lemma pairing_in_yon_tensor:
  fixes C :: "('c, 'k::field) coalg"
  assumes co: "is_coalg C" and x1: "x1 \<in> yon D1 C" and x2: "x2 \<in> yon D2 C"
    and commute: "commuting C x1 x2"
  shows "pairing C x1 x2 \<in> yon (tensor D1 D2) C"
proof (rule yonI[OF co])
  have rows1: "finite_rows x1" and rows2: "finite_rows x2"
    using yon_finite_rows[OF co x1] yon_finite_rows[OF co x2] .
  fix c
  show "c \<notin> cb C \<Longrightarrow> pairing C x1 x2 c = (\<lambda>_. 0)" by (rule pairing_outside[OF co])
  have "finite {y. pairing C x1 x2 c y \<noteq> 0}"
    by (rule finite_rowsD, rule finite_rows_pairing[OF co rows1 rows2])
  moreover have "{y. pairing C x1 x2 c y \<noteq> 0} \<subseteq> cb (tensor D1 D2)"
    unfolding pairing_def
    by (auto elim!: lin_nonzeroE simp: tmap_def tensor_def
        intro: yon_support(2)[OF co x1] yon_support(2)[OF co x2])
  ultimately show "vin (cb (tensor D1 D2)) (pairing C x1 x2 c)" unfolding vin_def by simp
next
  have rows1: "finite_rows x1" and rows2: "finite_rows x2"
    using yon_finite_rows[OF co x1] yon_finite_rows[OF co x2] .
  have comult_pairing: "comp (pairing C x1 x2) (tmap (comult D1) (comult D2))
      = pairing C (pairing C x1 x1) (pairing C x2 x2)"
    unfolding comp_pairing_tmap[OF co rows1 rows2]
    by (simp add: pairing_eq_comp yon_comult[OF co x1, symmetric] yon_comult[OF co x2, symmetric])
  show "comp (comult C) (tmap (pairing C x1 x2) (pairing C x1 x2))
      = comp (pairing C x1 x2) (comult (tensor D1 D2))"
  proof (intro ext, clarify)
    fix c a1 a2 b1 b2
    have "comp (pairing C x1 x2) (comult (tensor D1 D2)) c ((a1, a2), b1, b2)
        = pairing C (pairing C x1 x1) (pairing C x2 x2) c ((a1, b1), (a2, b2))"
      unfolding comult_tensor comp_reindex_column[where k = tensor_shuffle] comult_pairing
      by (simp add: tensor_shuffle_def)
    also have "\<dots> = pairing C x1 (pairing C (pairing C x1 x2) x2) c (a1, ((b1, a2), b2))"
      by (rule pairing_four_assoc[OF co])
    also have "\<dots> = pairing C x1 (pairing C (pairing C x2 x1) x2) c (a1, ((a2, b1), b2))"
      by (rule pairing_cong_right, rule pairing_cong_left) (use commute in \<open>simp add: commuting_def\<close>)
    also have "\<dots> = pairing C (pairing C x1 x2) (pairing C x1 x2) c ((a1, a2), (b1, b2))"
      by (rule pairing_four_assoc[OF co, symmetric])
    finally show "comp (comult C) (tmap (pairing C x1 x2) (pairing C x1 x2)) c ((a1, a2), b1, b2)
       = comp (pairing C x1 x2) (comult (tensor D1 D2)) c ((a1, a2), b1, b2)"
      by (simp add: pairing_eq_comp)
  qed
  show "comp (pairing C x1 x2) (counit_map (tensor D1 D2)) = counit_map C"
  proof (intro ext)
    fix c u
    have "comp (pairing C x1 x2) (counit_map (tensor D1 D2)) c u
        = comp (pairing C x1 x2) (tmap (counit_map D1) (counit_map D2)) c ((), ())"
      unfolding counit_map_tensor by (rule comp_reindex_column[where k = "\<lambda>_. ((), ())"])
    also have "\<dots> = pairing C (counit_map C) (counit_map C) c ((), ())"
      by (simp add: comp_pairing_tmap[OF co rows1 rows2] yon_counit[OF co x1] yon_counit[OF co x2])
    also have "\<dots> = counit_map C c ()"
      by (rule pairing_counit_left[OF co finite_rows_counit_map counit_map_outside[OF co]])
    finally show "comp (pairing C x1 x2) (counit_map (tensor D1 D2)) c u = counit_map C c u"
      by simp
  qed
qed

lemma comp_comult_tensor:
  fixes D1 :: "('d1, 'k::field) coalg" and D2 :: "('d2, 'k) coalg"
  assumes co1: "is_coalg D1" and co2: "is_coalg D2"
    and f_f': "\<And>a1 a2 b1 b2. f ((a1, a2), (b1, b2)) w = f' ((a1, b1), (a2, b2)) w'"
  shows "comp (comult (tensor D1 D2)) f d w = comp (tmap (comult D1) (comult D2)) f' d w'"
proof -
  have "finite {x. tmap (comult D1) (comult D2) d x \<noteq> 0}"
    by (rule finite_rowsD, rule finite_rows_tmap[OF finite_rows_comult[OF co1] finite_rows_comult[OF co2]])
  then show ?thesis unfolding comp_def
    by (rule lin_reindex[where h = tensor_shuffle and g = tensor_shuffle, rotated 2, symmetric])
       (auto simp: tensor_shuffle_def comult_tensor f_f')
qed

◆ ◆ ◆ ◆

**WHAT IS BEING ASKED**:
Search the material for the string "lambda" and show every line that has it.

**WRITTEN ANSWER**:
  show "c \<notin> cb C \<Longrightarrow> pairing C x1 x2 c = (\<lambda>_. 0)" by (rule pairing_outside[OF co])
      unfolding counit_map_tensor by (rule comp_reindex_column[where k = "\<lambda>_. ((), ())"])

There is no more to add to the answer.